Règlement concernant le concordat sur les entreprises de sécurité
(RCES)

I 2 14.01

Tableau historique

du 19 avril 2000

(Entrée en vigueur : 1er mai 2000)



Le CONSEIL D’ÉTAT de la République et canton de Genève,
vu le concordat sur les entreprises de sécurité, du 18 octobre 1996, approuvé par le Conseil fédéral le 17 décembre 1996 (ci-après : concordat);(1)
vu l'approbation, par le Département fédéral de justice et police, le 22 avril 2002, de la convention portant révision du concordat sur les entreprises de sécurité, du 3 juillet 2003;(1)
vu l'article 5 de la loi du 2 décembre 1999 concernant le concordat sur les entreprises de sécurité, du 18 octobre 1996 (ci-après : la loi),(1)
arrête :

Chapitre I Champ d’application et autorités compétentes

Art. 1 Champ d’application
Le présent règlement arrête les dispositions d’application du concordat et de la loi.

Art. 2(14) Extension
1 Les employeurs visés par l’article 5, alinéa 3, lettre a, du concordat doivent obtenir une autorisation pour engager, sous contrat de travail, des employés chargés de tâches de protection et de surveillance dans les stades ou autres lieux où sont exercées des activités sportives, conformément aux articles 9 et 10A du concordat.
2 Les dispositions des articles 10A, 10B, 11, alinéa 1, 11A, 12, 12A, alinéas 1 à 3, 13, 14, 14A, 15, 15A, 16, alinéas 1 et 2, 17, 18, 22, 23 et 24 du concordat s’appliquent par analogie aux employeurs et aux employés visés par le présent article.

Art. 3(14) Département
1 Le département de la sécurité et de l’économie(12) (ci-après : département) est chargé de l’application du concordat et de la loi.
2 Il prend toutes les décisions et les mesures qui ne sont pas attribuées par le présent règlement à une autre autorité. Il est notamment compétent pour :

a) délivrer les autorisations d’exploiter et les autorisations d’engager du personnel (art. 8 et 9 du concordat);

b) nommer les membres de la commission d’examens pour les entreprises de sécurité (art. 8, al. 2, du concordat);

c) nommer les membres de la commission d’examens pour les tests d’aptitude des conducteurs de chiens (art. 10A, al. 2 et 3, du concordat);

d) prendre les mesures administratives (art. 13 du concordat) et infliger les amendes administratives (art. 4 de la loi);

e) communiquer les décisions de refus et de retraits d’autorisations aux autorités compétentes des autres cantons concordataires (art. 14, al. 1 bis, du concordat).(3)

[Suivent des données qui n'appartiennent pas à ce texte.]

lemma distr_cyl_sigma_functional_eqI:
  fixes Y1 Y2 :: "'a \<Rightarrow> real \<Rightarrow> real" and F :: "(real \<Rightarrow> real) \<Rightarrow> real"
  assumes "finite_measure M"
    and Y1: "\<And>t. (\<lambda>\<omega>. Y1 \<omega> t) \<in> borel_measurable M" "\<And>\<omega>. \<omega> \<in> space M \<Longrightarrow> Y1 \<omega> \<in> H"
    and Y2: "\<And>t. (\<lambda>\<omega>. Y2 \<omega> t) \<in> borel_measurable M" "\<And>\<omega>. \<omega> \<in> space M \<Longrightarrow> Y2 \<omega> \<in> H"
    and fdd: "\<And>J. finite J \<Longrightarrow> distr M (Pi\<^sub>M J (\<lambda>_. borel)) (\<lambda>\<omega>. \<lambda>t\<in>J. Y1 \<omega> t) =
               distr M (Pi\<^sub>M J (\<lambda>_. borel)) (\<lambda>\<omega>. \<lambda>t\<in>J. Y2 \<omega> t)"
    and F: "F \<in> borel_measurable (cyl_sigma H)"
  shows "distr M borel (\<lambda>\<omega>. F (Y1 \<omega>)) = distr M borel (\<lambda>\<omega>. F (Y2 \<omega>))"
proof (rule measure_eqI)
  fix B assume "B \<in> sets (distr M borel (\<lambda>\<omega>. F (Y1 \<omega>)))"
  then have B: "B \<in> sets borel" by simp
  obtain A where A: "A \<in> sets (Pi\<^sub>M UNIV (\<lambda>_. borel))" "F -` B \<inter> H = A \<inter> H"
    using sets_cyl_sigmaE[OF measurable_sets[OF F B]] by auto
  have law: "emeasure (distr M borel (\<lambda>\<omega>. F (Y \<omega>))) B = emeasure (distr M (Pi\<^sub>M UNIV (\<lambda>_. borel)) Y) A"
    if Y: "\<And>t. (\<lambda>\<omega>. Y \<omega> t) \<in> borel_measurable M" "\<And>\<omega>. \<omega> \<in> space M \<Longrightarrow> Y \<omega> \<in> H"
    for Y :: "'a \<Rightarrow> real \<Rightarrow> real"
  proof -
    have "(\<lambda>\<omega>. F (Y \<omega>)) \<in> borel_measurable M"
      using measurable_comp[OF measurable_cyl_sigma[OF Y] F] by (simp add: comp_def)
    moreover have "(\<lambda>\<omega>. F (Y \<omega>)) -` B \<inter> space M = Y -` A \<inter> space M"
      using A(2) Y(2) by blast
    ultimately show ?thesis
      using B A(1) measurable_PiM_UNIV_borel[OF Y(1)] by (simp add: emeasure_distr)
  qed
  show "emeasure (distr M borel (\<lambda>\<omega>. F (Y1 \<omega>))) B = emeasure (distr M borel (\<lambda>\<omega>. F (Y2 \<omega>))) B"
    using law[OF Y1] law[OF Y2] distr_PiM_UNIV_eqI[OF assms(1) Y1(1) Y2(1) fdd] by simp
qed simp
(* Let $(u_n),(v_n)$ be complex sequences vanishing faster than any negative power of $|n|$ as $n\to\pm\infty$ with $1-u_nv_n\ne0$ for all $n\in\mathbb Z$, and consider the system $$\begin{bmatrix}\xi_n\\ \eta_n\end{bmatrix}=\begin{bmatrix} z & z\,u_n\\ z^{-1}v_n & z^{-1}\end{bmatrix}\begin{bmatrix}\xi_{n+1}\\ \eta_{n+1}\end{bmatrix},\qquad n\in\mathbb Z.$$ Define $a_n:=\det\begin{bmatrix}\phi_n&\psi_n\end{bmatrix}$ and $\bar a_n:=\det\begin{bmatrix}\bar\phi_n&\bar\psi_n\end{bmatrix}$. Then: (a) $a_n$ and $\bar a_n$ depend on both $n$ and $z$, and $$a_n=\frac{D_\infty}{D_{n-1}}\,\frac1{T_{\rm r}},\qquad \bar a_n=-\frac{D_\infty}{D_{n-1}}\,\frac1{\bar T_{\rm r}};$$ (b) consequently the linear dependence of $\phi_n$ and $\psi_n$ occurs at the poles of $T_{\rm r}$, and that of $\bar\phi_n$ and $\bar\psi_n$ at the poles of $\bar T_{\rm r}$; (c) if $T_{\rm r}$ has a pole at $z=\pm z_j$ of multiplicity $m_j$ then $\frac{d^k a_n}{dz^k}\big|_{z=\pm z_j}=0$ for $0\le k\le m_j-1$ and all $n\in\mathbb Z$, and if $\bar T_{\rm r}$ has a pole at $z=\pm\bar z_j$ of multiplicity $\bar m_j$ then $\frac{d^k \bar a_n}{dz^k}\big|_{z=\pm \bar z_j}=0$ for $0\le k\le \bar m_j-1$ and all $n\in\mathbb Z$.
   Context: $D_n:=\prod_{j=-\infty}^{n}(1-u_jv_j)$ and $D_\infty:=\prod_{j=-\infty}^{\infty}(1-u_jv_j)$ (both nonzero and independent of $z$). For $|z|=1$ the Jost solutions (overbars are not complex conjugation) satisfy $\psi_n=\begin{bmatrix}o(1)\\ z^n[1+o(1)]\end{bmatrix}$ as $n\to+\infty$; $\phi_n=\begin{bmatrix}z^{-n}[1+o(1)]\\ o(1)\end{bmatrix}$ as $n\to-\infty$; $\bar\psi_n=\begin{bmatrix}z^{-n}[1+o(1)]\\ o(1)\end{bmatrix}$ as $n\to+\infty$; $\bar\phi_n=\begin{bmatrix}o(1)\\ z^{n}[1+o(1)]\end{bmatrix}$ as $n\to-\infty$. The right transmission coefficients are defined by: first component of $\phi_n$ $=(1/T_{\rm r})z^{-n}[1+o(1)]$ and second component of $\bar\phi_n$ $=(1/\bar T_{\rm r})z^{n}[1+o(1)]$ as $n\to+\infty$. The functions $z^{-n}\psi_n$, $z^n\phi_n$, $1/T_{\rm r}$ extend analytically to $|z|<1$ and $z^n\bar\psi_n$, $z^{-n}\bar\phi_n$, $1/\bar T_{\rm r}$ extend analytically to $|z|>1$; the statements about poles and derivatives refer to these extensions. *)

theory Defs
  imports "HOL-Complex_Analysis.Complex_Analysis"
begin

definition scalev :: "complex \<Rightarrow> complex \<times> complex \<Rightarrow> complex \<times> complex" where
  "scalev c x = (c * fst x, c * snd x)"

definition det2 :: "complex \<times> complex \<Rightarrow> complex \<times> complex \<Rightarrow> complex" where
  "det2 x y = fst x * snd y - snd x * fst y"

definition is_solution ::
  "(int \<Rightarrow> complex) \<Rightarrow> (int \<Rightarrow> complex) \<Rightarrow> complex \<Rightarrow> (int \<Rightarrow> complex \<times> complex) \<Rightarrow> bool" where
  "is_solution u v z X \<longleftrightarrow>
     (\<forall>n::int. fst (X n) = z * fst (X (n + 1)) + z * u n * snd (X (n + 1)) \<and>
               snd (X n) = inverse z * v n * fst (X (n + 1)) + inverse z * snd (X (n + 1)))"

Art. 4(3)  Police cantonale
La police cantonale, soit pour elle, le service des armes, explosifs et autorisations, est compétente pour :

a) donner son préavis au département sur les demandes d’autorisations d’exploiter et les demandes d’autorisation d’engager du personnel (art. 8 et 9 du concordat);

b) organiser les examens portant sur la connaissance de la profession d’agent de sécurité et de la législation applicable en la matière (art. 8, al. 1, lettre f, et art. 9, al. 2, du concordat);

c) assurer le secrétariat de la commission d’examen pour les entreprises de sécurité visée à l’article 5 du présent règlement;

d) délivrer les autorisations d’exercer (art. 10, al. 1, du concordat);

e) reconnaître les autorisations ou certificats de capacité délivrés par les cantons non concordataires (art. 10, al. 3, du concordat);

f) délivrer les autorisations de conducteur de chiens (art. 10A, al. 1, du concordat);

g) organiser les tests d’aptitude pour les conducteurs de chiens, conformément aux directives de la commission concordataire (art. 10A, al. 2 et 3, du concordat);

h) reconnaître les attestations d’aptitude ou autorisations déjà délivrées aux maîtres-chiens (art. 10A, al. 4, du concordat);

i) recevoir les communications des entreprises de sécurité (art. 11 du concordat);(11)

j) recevoir les communications des autorités judiciaires cantonales et des tiers (art. 11A et 11B du concordat);(11)

k) délivrer les autorisations limitées dans le temps, lorsqu'il s'agit d'une manifestation déterminée (art. 12A, al. 3, du concordat);(11)

l) recevoir des autorités compétentes d'autres cantons concordataires et communiquer à celles-ci tout fait pouvant entraîner le refus ou le retrait de l'autorisation, ainsi que toute décision de refus ou de mesures administratives prise à l'encontre d'une personne soumise au concordat (art. 14, al. 1 et 1bis, du concordat);(11)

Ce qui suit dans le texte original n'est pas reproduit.